Work to complete - From the entries provided below, copy each line that contains the word "hence".

(Stored items)
* * * * * * * * *

(* Consider the linear time-invariant multiple-input multiple-output (LTI MIMO) state-space model $$\alpha_{k+1}=T\alpha_k+Bx_k+\eta_k,\qquad y_k=Z\alpha_k+\beta x_k+\varepsilon_k,\qquad \begin{bmatrix}\eta_k\\ \varepsilon_k\end{bmatrix}\sim\mathcal N\!\left(\begin{bmatrix}0\\0\end{bmatrix},\begin{bmatrix}Q&S\\ S^\top&H\end{bmatrix}\right),$$ with $\alpha_k\in\mathbb R^n$, $y_k\in\mathbb R^m$, $x_k\in\mathbb R^d$, $H>0$, initial state $\alpha_0\sim\mathcal N(\bar\alpha_0,\Pi_0)$ with $\Pi_0>0$, and $\overline Q:=Q-SH^{-1}S^\top\ge 0$. Let $\overline T:=T-SH^{-1}Z$, $\overline B:=B-SH^{-1}\beta$. (Conventional filter, Algorithm 1.) Set $\hat\alpha_{0|0}=\bar\alpha_0$, $P_{0|0}=\Pi_0$, and for $k=1,\dots,N$: $\hat\alpha_{k|k-1}=\overline T\hat\alpha_{k-1|k-1}+\overline Bx_{k-1}+SH^{-1}y_{k-1}$; $P_{k|k-1}=\overline TP_{k-1|k-1}\overline T^\top+\overline Q$; $R_{e,k}=ZP_{k|k-1}Z^\top+H$; $K_k=P_{k|k-1}Z^\top R_{e,k}^{-1}$; $e_k=y_k-Z\hat\alpha_{k|k-1}-\beta x_k$; $\hat\alpha_{k|k}=\hat\alpha_{k|k-1}+K_ke_k$; $P_{k|k}=(I-K_kZ)P_{k|k-1}$. (UD-based filter, Algorithm 1a.) Take $UDU^\top$ factorizations $\Pi_0=\bar U_{\Pi_0}D_{\Pi_0}\bar U_{\Pi_0}^\top$, $H=\bar U_HD_H\bar U_H^\top$, $\overline Q=\bar U_{\overline Q}D_{\overline Q}\bar U_{\overline Q}^\top$; set $\hat\alpha_{0|0}=\bar\alpha_0$, $\bar U_{P_{0|0}}=\bar U_{\Pi_0}$, $D_{P_{0|0}}=D_{\Pi_0}$; and for $k=1,\dots,N$: (i) $\hat\alpha_{k|k-1}=\overline T\hat\alpha_{k-1|k-1}+\overline Bx_{k-1}+SH^{-1}y_{k-1}$; (ii) apply MWGS to the pre-arrays $\mathbb A^\top=[\,\overline T\bar U_{P_{k-1|k-1}}\ \ \bar U_{\overline Q}\,]$, $\mathbb D_A=D_{P_{k-1|k-1}}\oplus D_{\overline Q}$ and set $\bar U_{P_{k|k-1}}:=\mathbb R$, $D_{P_{k|k-1}}:=\mathbb D_R$; (iii) apply MWGS to the pre-arrays $\mathbb A^\top=\begin{bmatrix}\bar U_{P_{k|k-1}}&0\\ Z\bar U_{P_{k|k-1}}&\bar U_H\end{bmatrix}$, $\mathbb D_A=D_{P_{k|k-1}}\oplus D_H$, and read off from the post-arrays $\mathbb R=\begin{bmatrix}\bar U_{P_{k|k}}&\bar K_k^u\\0&\bar U_{R_{e,k}}\end{bmatrix}$, $\mathbb D_R=D_{P_{k|k}}\oplus D_{R_{e,k}}$ (blocks partitioned conformally with sizes $n$ and $m$); (iv) $e_k=y_k-Z\hat\alpha_{k|k-1}-\beta x_k$; (v) $\hat\alpha_{k|k}=\hat\alpha_{k|k-1}+\bar K_k^u\bar U_{R_{e,k}}^{-1}e_k$. Then Algorithm 1a is algebraically equivalent to Algorithm 1: for every $k$, the quantities computed by Algorithm 1a satisfy $\bar U_{P_{k|k-1}}D_{P_{k|k-1}}\bar U_{P_{k|k-1}}^\top=P_{k|k-1}$, $\bar U_{R_{e,k}}D_{R_{e,k}}\bar U_{R_{e,k}}^\top=R_{e,k}$, $\bar K_k^u\bar U_{R_{e,k}}^{-1}=K_k$, $\bar U_{P_{k|k}}D_{P_{k|k}}\bar U_{P_{k|k}}^\top=P_{k|k}$, and the state estimates $\hat\alpha_{k|k-1}$, $\hat\alpha_{k|k}$ coincide with those of Algorithm 1.
   Context: A $UDU^\top$ (modified Cholesky) factorization of a symmetric positive (semi)definite matrix $P$ is $P=\bar U_PD_P\bar U_P^\top$ with $\bar U_P$ upper triangular with unit diagonal and $D_P$ diagonal. For square matrices $A,B$, $A\oplus B:=\mathrm{diag}\{A,B\}$. The modified weighted Gram–Schmidt (MWGS) step: given pre-arrays $\mathbb A\in\mathbb R^{r\times s}$ ($r\ge s$) and a diagonal $\mathbb D_A\in\mathbb R^{r\times r}$, $\mathbb D_A>0$, it returns post-arrays $\mathbb R\in\mathbb R^{s\times s}$ upper triangular with unit diagonal and $\mathbb D_R\in\mathbb R^{s\times s}$ diagonal such that $\mathbb A^\top=\mathbb R\,\mathfrak W^\top$ and $\mathfrak W^\top\mathbb D_A\mathfrak W=\mathbb D_R$ for some matrix $\mathfrak W\in\mathbb R^{r\times s}$. The algorithms are considered under the assumption that every MWGS call is well defined. *)

theory Defs
  imports "Jordan_Normal_Form.Matrix"
begin

definition minv :: "real mat \<Rightarrow> real mat" where
  "minv A = (SOME B. B \<in> carrier_mat (dim_row A) (dim_row A) \<and>
                     A * B = 1\<^sub>m (dim_row A) \<and> B * A = 1\<^sub>m (dim_row A))"

definition sym_mat :: "real mat \<Rightarrow> bool" where
  "sym_mat A \<longleftrightarrow> A\<^sup>T = A"

definition psd :: "nat \<Rightarrow> real mat \<Rightarrow> bool" where
  "psd n A \<longleftrightarrow> A \<in> carrier_mat n n \<and> sym_mat A \<and>
     (\<forall>v \<in> carrier_vec n. v \<bullet> (A *\<^sub>v v) \<ge> 0)"

definition pd :: "nat \<Rightarrow> real mat \<Rightarrow> bool" where
  "pd n A \<longleftrightarrow> A \<in> carrier_mat n n \<and> sym_mat A \<and>
     (\<forall>v \<in> carrier_vec n. v \<noteq> 0\<^sub>v n \<longrightarrow> v \<bullet> (A *\<^sub>v v) > 0)"

definition unit_upper :: "nat \<Rightarrow> real mat \<Rightarrow> bool" where
  "unit_upper n U \<longleftrightarrow> U \<in> carrier_mat n n \<and> upper_triangular U \<and>
     (\<forall>i<n. U $$ (i,i) = 1)"

definition diag_mat :: "nat \<Rightarrow> real mat \<Rightarrow> bool" where
  "diag_mat n D \<longleftrightarrow> D \<in> carrier_mat n n \<and> diagonal_mat D"

definition pos_diag_mat :: "nat \<Rightarrow> real mat \<Rightarrow> bool" where
  "pos_diag_mat n D \<longleftrightarrow> diag_mat n D \<and> (\<forall>i<n. D $$ (i,i) > 0)"
(* Let $\mathbf{F}\in[L^2(\mathbb{R}^2)]^2$ have compact support. Then $\mathbf{F}$ is uniquely determined by the multi-frequency far field data sets $$\mathcal{A}_p=\{u^\infty_{\mathbf{F},p}(\hat{\mathbf{x}},\omega):\ \hat{\mathbf{x}}\in\mathbb{S},\ \omega\in\mathbb{W}\}\quad\text{and}\quad \mathcal{A}_s=\{u^\infty_{\mathbf{F},s}(\hat{\mathbf{x}},\omega):\ \hat{\mathbf{x}}\in\mathbb{S},\ \omega\in\mathbb{W}\},$$ i.e., two compactly supported sources in $[L^2(\mathbb{R}^2)]^2$ having the same compressional and shear far field patterns for all $\hat{\mathbf{x}}\in\mathbb{S}$, $\omega\in\mathbb{W}$ coincide.
   Context: $\mathbb{W}=(\omega_{min},\omega_{max})$ with $0<\omega_{min}<\omega_{max}$; Lamé constants $\mu>0$, $2\mu+\lambda>0$; $k_p=\omega/\sqrt{\lambda+2\mu}$, $k_s=\omega/\sqrt\mu$. $\mathbb{S}$ is the unit circle and $\hat{\mathbf{x}}^\perp$ is $\hat{\mathbf{x}}$ rotated anticlockwise by $\pi/2$. The far field patterns of the source $\mathbf{F}$ (i.e., of the radiating solution of $\mu\Delta\mathbf{u}+(\lambda+\mu)\nabla\mathrm{div}\,\mathbf{u}+\omega^2\mathbf{u}=\mathbf{F}$) are $u^\infty_{\mathbf{F},p}(\hat{\mathbf{x}},\omega)=\int_{\mathbb{R}^2}e^{-ik_p\hat{\mathbf{x}}\cdot\mathbf{y}}\,\hat{\mathbf{x}}\cdot\mathbf{F}(\mathbf{y})\,d\mathbf{y}$ and $u^\infty_{\mathbf{F},s}(\hat{\mathbf{x}},\omega)=\int_{\mathbb{R}^2}e^{-ik_s\hat{\mathbf{x}}\cdot\mathbf{y}}\,\hat{\mathbf{x}}^\perp\cdot\mathbf{F}(\mathbf{y})\,d\mathbf{y}$. *)

theory Defs
  imports "HOL-Analysis.Analysis"
begin

definition unit_circle :: "(real^2) set" where
  "unit_circle = {x. norm x = 1}"

definition perp :: "real^2 \<Rightarrow> real^2" where
  "perp x = (\<chi> i. if i = 1 then - (x $ 2) else x $ 1)"

text \<open>Real direction dotted with a complex vector (bilinear, no conjugation).\<close>
definition cdot :: "real^2 \<Rightarrow> complex^2 \<Rightarrow> complex" where
  "cdot d v = complex_of_real (d $ 1) * v $ 1 + complex_of_real (d $ 2) * v $ 2"

definition kp :: "real \<Rightarrow> real \<Rightarrow> real \<Rightarrow> real" where
  "kp lam mu \<omega> = \<omega> / sqrt (lam + 2 * mu)"

definition ks :: "real \<Rightarrow> real \<Rightarrow> real" where
  "ks mu \<omega> = \<omega> / sqrt mu"

definition farfield_p :: "real \<Rightarrow> real \<Rightarrow> (real^2 \<Rightarrow> complex^2) \<Rightarrow> real^2 \<Rightarrow> real \<Rightarrow> complex" where
  "farfield_p lam mu F x \<omega> =
     (LINT y|lborel. exp (- \<i> * complex_of_real (kp lam mu \<omega> * (x \<bullet> y))) * cdot x (F y))"

definition farfield_s :: "real \<Rightarrow> real \<Rightarrow> (real^2 \<Rightarrow> complex^2) \<Rightarrow> real^2 \<Rightarrow> real \<Rightarrow> complex" where
  "farfield_s lam mu F x \<omega> =
     (LINT y|lborel. exp (- \<i> * complex_of_real (ks mu \<omega> * (x \<bullet> y))) * cdot (perp x) (F y))"

definition L2_compact_source :: "(real^2 \<Rightarrow> complex^2) \<Rightarrow> bool" where
  "L2_compact_source F \<longleftrightarrow>
     F \<in> borel_measurable lborel \<and>
     integrable lborel (\<lambda>y. (norm (F y))^2) \<and>
     (\<exists>R. AE y in lborel. R < norm y \<longrightarrow> F y = 0)"

end

(*
  Writing ^ for the Fourier transform, the compressional and shear far field patterns in
  direction x at frequency omega are (x.F)^(k x) and (x_perp.F)^(k x), with k = k_p resp. k_s.
  Since F has compact support, t -> (x.F)^(t x) extends to an entire function of t, so its
  values for omega in the band W determine it for all real t; the same holds for x_perp.F.
  Knowing (x.F)^(t x) and (x_perp.F)^(t x) for all t and all unit x determines both
  components of F^ everywhere. Finally, a compactly supported integrable function whose
  Fourier transform vanishes is orthogonal to all trigonometric polynomials, hence by
  Stone-Weierstrass to all continuous functions, hence to the indicators of boxes,
  and therefore vanishes almost everywhere.
*)

theory Submission
  imports Defs "HOL-Complex_Analysis.Conformal_Mappings"
begin

lemma integrable_mult_bounded:
  fixes g :: "'a \<Rightarrow> complex"
  assumes g: "integrable M g" and h: "h \<in> borel_measurable M"
    and bound: "AE y in M. g y \<noteq> 0 \<longrightarrow> norm (h y) \<le> B"
  shows "integrable M (\<lambda>y. h y * g y)"
proof (rule Bochner_Integration.integrable_bound)
  show "integrable M (\<lambda>y. B * norm (g y))"
    using g by auto
  show "(\<lambda>y. h y * g y) \<in> borel_measurable M"
    using g h by auto
  show "AE y in M. norm (h y * g y) \<le> norm (B * norm (g y))"
    using bound
  proof eventually_elim
    case (elim y)
    show ?case
    proof (cases "g y = 0")
      case False
      with elim have "norm (h y) * norm (g y) \<le> B * norm (g y)"
        by (simp add: mult_right_mono)
      also have "\<dots> \<le> \<bar>B\<bar> * norm (g y)"
        by (simp add: mult_right_mono)
      finally show ?thesis
        by (simp add: norm_mult)
    qed simp
  qed
qed

lemma integral_norm_mult_le:
  fixes g :: "'a \<Rightarrow> complex"
  assumes g: "integrable M g" and h: "h \<in> borel_measurable M"
    and bound: "AE y in M. g y \<noteq> 0 \<longrightarrow> norm (h y) \<le> B"
  shows "(LINT y|M. norm (h y * g y)) \<le> B * (LINT y|M. norm (g y))"
proof -
  have "(LINT y|M. norm (h y * g y)) \<le> (LINT y|M. B * norm (g y))"
  proof (rule integral_mono_AE)
    show "integrable M (\<lambda>y. norm (h y * g y))"
      using integrable_mult_bounded[OF assms] by simp
    show "AE y in M. norm (h y * g y) \<le> B * norm (g y)"
      using bound
    proof eventually_elim
      case (elim y)
      then show ?case
        by (cases "g y = 0") (simp_all add: norm_mult mult_right_mono)
    qed
  qed (use g in simp)
  then show ?thesis
    by simp
qed

lemma integrable_if_square_integrable_compact_support:
  fixes f :: "'a::euclidean_space \<Rightarrow> 'b::{banach, second_countable_topology}"
  assumes "f \<in> borel_measurable lborel" and "integrable lborel (\<lambda>y. (norm (f y))\<^sup>2)"
    and "AE y in lborel. R < norm y \<longrightarrow> f y = 0"
  shows "integrable lborel f"
proof (rule Bochner_Integration.integrable_bound)
  show "integrable lborel (\<lambda>y. indicator (cball 0 R) y + (norm (f y))\<^sup>2 :: real)"
    using assms(2) emeasure_bounded_finite[OF bounded_cball]
    by (intro Bochner_Integration.integrable_add integrable_real_indicator) auto
  have le_square: "t \<le> 1 + t\<^sup>2" for t :: real
    using zero_le_power2[of "t - 1"] zero_le_power2[of t]
    unfolding power2_diff power_one mult_1_right by linarith
  show "AE y in lborel. norm (f y) \<le> norm (indicator (cball 0 R) y + (norm (f y))\<^sup>2 :: real)"
    using assms(3) by eventually_elim (auto simp: indicator_def le_square)
qed (use assms(1) in simp)

section \<open>The Fourier transform\<close>

definition fourier_transform :: "('a::euclidean_space \<Rightarrow> complex) \<Rightarrow> 'a \<Rightarrow> complex" where
  "fourier_transform g \<xi> = (LINT y|lborel. exp (- \<i> * complex_of_real (\<xi> \<bullet> y)) * g y)"

lemma integrable_fourier_integrand:
  fixes g :: "'a::euclidean_space \<Rightarrow> complex"
  assumes "integrable lborel g"
  shows "integrable lborel (\<lambda>y. exp (- \<i> * complex_of_real (\<xi> \<bullet> y)) * g y)"
  by (rule integrable_mult_bounded[OF assms, where B=1]) (auto simp: norm_exp_eq_Re)

lemma fourier_transform_diff:
  fixes g h :: "'a::euclidean_space \<Rightarrow> complex"
  assumes "integrable lborel g" and "integrable lborel h"
  shows "fourier_transform (\<lambda>y. g y - h y) \<xi> = fourier_transform g \<xi> - fourier_transform h \<xi>"
  using integrable_fourier_integrand[OF assms(1)] integrable_fourier_integrand[OF assms(2)]
  by (simp add: fourier_transform_def right_diff_distrib)
(* Let $M$ and $M'$ be end-decisive MM-QFAs that accept $L$ and $L'$ respectively with bounded positive one-sided error. Then there exists an end-decisive MM-QFA that accepts $L\cap L'$ with bounded positive one-sided error.
   Context: A measure-many quantum finite automaton (MM-QFA) over $\Sigma$ is a tuple $(Q,\Sigma,\{U_\sigma\}_{\sigma\in\Sigma\cup\{\$\}},q_0,Q_{acc},Q_{rej})$ with $Q$ finite indexing an orthonormal basis of $\mathbb{C}^Q$, end-marker $\$\notin\Sigma$, unitary $U_\sigma$, initial state $q_0$, and $Q$ partitioned into $Q_{acc},Q_{rej},Q_{non}$ with orthogonal projections $P_{acc},P_{rej},P_{non}$. On input $x$ it processes $x\$$ maintaining $(\psi,p_{acc},p_{rej})$, initially $(|q_0\rangle,0,0)$; on reading $\sigma$: $\psi'=U_\sigma\psi$, $p_{acc}\mathrel{+}=\|P_{acc}\psi'\|^2$, $p_{rej}\mathrel{+}=\|P_{rej}\psi'\|^2$, $\psi\leftarrow P_{non}\psi'$; the acceptance probability $p(x)$ is the final $p_{acc}$. It is end-decisive if $P_{acc}\psi'=0$ after reading every non-end-marker symbol, on every input. It accepts $L$ with bounded positive one-sided error if there is $c>0$ with $p(x)>c$ for all $x\in L$ and $p(x)=0$ for all $x\notin L$. *)

theory Defs
  imports Complex_Main "Jordan_Normal_Form.Matrix"
begin

text \<open>The state set Q is represented by the
index set {0..<qdim}; the state space C^Q is the space of complex vectors of
dimension qdim (Jordan_Normal_Form vectors), the basis vector of state q being
unit_vec qdim q. The unitary for a symbol a of the input alphabet is qtrans a,
the unitary for the end-marker is qend. Q_acc and Q_rej are qacc and qrej;
Q_non is the rest of {0..<qdim}.\<close>

record 'a mmqfa =
  qdim :: nat
  qtrans :: "'a \<Rightarrow> complex mat"
  qend :: "complex mat"
  qinit :: nat
  qacc :: "nat set"
  qrej :: "nat set"

definition adjoint_mat :: "complex mat \<Rightarrow> complex mat" where
  "adjoint_mat A = mat (dim_col A) (dim_row A) (\<lambda>(i,j). cnj (A $$ (j,i)))"

definition unitary_mat :: "nat \<Rightarrow> complex mat \<Rightarrow> bool" where
  "unitary_mat n U \<longleftrightarrow> U \<in> carrier_mat n n \<and> adjoint_mat U * U = 1\<^sub>m n \<and> U * adjoint_mat U = 1\<^sub>m n"

definition mmqfa_wf :: "'a set \<Rightarrow> 'a mmqfa \<Rightarrow> bool" where
  "mmqfa_wf Sig M \<longleftrightarrow>
     qinit M < qdim M \<and>
     qacc M \<subseteq> {..<qdim M} \<and> qrej M \<subseteq> {..<qdim M} \<and> qacc M \<inter> qrej M = {} \<and>
     (\<forall>a\<in>Sig. unitary_mat (qdim M) (qtrans M a)) \<and>
     unitary_mat (qdim M) (qend M)"

definition qnon :: "'a mmqfa \<Rightarrow> nat set" where
  "qnon M = {..<qdim M} - qacc M - qrej M"

definition proj :: "nat set \<Rightarrow> complex vec \<Rightarrow> complex vec" where
  "proj S v = vec (dim_vec v) (\<lambda>i. if i \<in> S then v $ i else 0)"

definition sqnorm :: "complex vec \<Rightarrow> real" where
  "sqnorm v = (\<Sum>i<dim_vec v. (cmod (v $ i))\<^sup>2)"

definition qstep :: "'a mmqfa \<Rightarrow> complex mat \<Rightarrow> complex vec \<times> real \<times> real \<Rightarrow> complex vec \<times> real \<times> real" where
  "qstep M U st = (case st of (psi, pa, pr) \<Rightarrow>
      let psi' = U *\<^sub>v psi in
      (proj (qnon M) psi', pa + sqnorm (proj (qacc M) psi'), pr + sqnorm (proj (qrej M) psi')))"

definition init_config :: "'a mmqfa \<Rightarrow> complex vec \<times> real \<times> real" where
  "init_config M = (unit_vec (qdim M) (qinit M), 0, 0)"

definition run :: "'a mmqfa \<Rightarrow> 'a list \<Rightarrow> complex vec \<times> real \<times> real" where
  "run M x = fold (\<lambda>a st. qstep M (qtrans M a) st) x (init_config M)"

definition acc_prob :: "'a mmqfa \<Rightarrow> 'a list \<Rightarrow> real" where
  "acc_prob M x = fst (snd (qstep M (qend M) (run M x)))"

definition end_decisive :: "'a set \<Rightarrow> 'a mmqfa \<Rightarrow> bool" where
  "end_decisive Sig M \<longleftrightarrow>
     (\<forall>x\<in>lists Sig. \<forall>a\<in>Sig.
        proj (qacc M) (qtrans M a *\<^sub>v fst (run M x)) = 0\<^sub>v (qdim M))"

* * * * * * * * *

Output of the exercise -
  Fourier transform vanishes is orthogonal to all trigonometric polynomials, hence by
  Stone-Weierstrass to all continuous functions, hence to the indicators of boxes,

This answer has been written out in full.